======== Data
lemma sum_val_partition:
  assumes G: "simple_graph V E" and P: "partition_on X P" and "finite X"
  shows "(\<Sum>C\<in>P. val a1 a2 E C) =
    val a1 a2 E X + (2 * a2 - a1) * card {e \<in> inner_edges E X. \<forall>C\<in>P. \<not> e \<subseteq> C}"
proof -
  have fin: "finite E" "finite P"
    using simple_graph_finite_edges[OF G] finite_elements[OF \<open>finite X\<close> P] by simp_all
  have "(\<Sum>C\<in>P. val a1 a2 E C) = (\<Sum>e\<in>E. \<Sum>C\<in>P. edge_cost a1 a2 C e)"
    using fin by (simp add: val_eq_sum_edge_cost sum.swap[of _ P])
  also have "\<dots> = (\<Sum>e\<in>E. edge_cost a1 a2 X e
      + (2 * a2 - a1) * of_bool (e \<subseteq> X \<and> \<not> (\<exists>C\<in>P. e \<subseteq> C)))"
  proof (rule sum.cong)
    fix e assume "e \<in> E"
    then obtain u v where "e = {u, v}" "u \<noteq> v" by (rule simple_graph_edgeE[OF G])
    then show "(\<Sum>C\<in>P. edge_cost a1 a2 C e) = edge_cost a1 a2 X e
      + (2 * a2 - a1) * of_bool (e \<subseteq> X \<and> \<not> (\<exists>C\<in>P. e \<subseteq> C))"
      using sum_edge_cost_partition[OF P fin(2)] by simp
  qed simp
  also have "\<dots> = val a1 a2 E X + (2 * a2 - a1) * card {e \<in> inner_edges E X. \<forall>C\<in>P. \<not> e \<subseteq> C}"
    using fin by (simp add: val_eq_sum_edge_cost sum.distrib sum_distrib_left[symmetric] inner_edges_def
        Collect_conj_eq Int_assoc Int_commute)
  finally show ?thesis .
qed

lemma val_le_val_star:
  assumes "a1 \<le> 2 * a2" "simple_graph V E" "finite X"
  shows "val a1 a2 E X \<le> val_star a1 a2 E R X"
  using sum_val_partition[OF assms(2) partition_on_red_components assms(3)] assms(1)
  by (simp add: val_star_def)

lemma val_star_eq_val:
  assumes "simple_graph V E" "finite X"
    and red_connected: "\<And>u v. {u, v} \<in> E \<Longrightarrow> u \<in> X \<Longrightarrow> v \<in> X \<Longrightarrow> (red_adj R X)\<^sup>*\<^sup>* u v"
  shows "val_star a1 a2 E R X = val a1 a2 E X"
proof -
  have "\<exists>C\<in>red_components R X. e \<subseteq> C" if "e \<in> inner_edges E X" for e
  proof -
    from that have "e \<in> E" "e \<subseteq> X" by (auto simp: inner_edges_def)
    then obtain u v where e: "e = {u, v}" "u \<in> X" "v \<in> X"
      using simple_graph_edgeE[OF assms(1)] by (metis insert_subset)
    then have "e \<subseteq> red_equiv R X `` {u}"
      using red_connected \<open>e \<in> E\<close> by (auto simp: red_equiv_def)
    moreover have "red_equiv R X `` {u} \<in> red_components R X"
      using \<open>u \<in> X\<close> by (simp add: red_components_eq_quotient quotientI)
    ultimately show ?thesis by blast
  qed
  then have no_split: "{e \<in> inner_edges E X. \<forall>C\<in>red_components R X. \<not> e \<subseteq> C} = {}"
    by blast
  show ?thesis
    unfolding val_star_def sum_val_partition[OF assms(1) partition_on_red_components assms(2)] no_split
    by simp
qed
================
The expected answer is a copy of each line above containing "lemma".

» **Answer section**
lemma sum_val_partition:
lemma val_le_val_star:
lemma val_star_eq_val:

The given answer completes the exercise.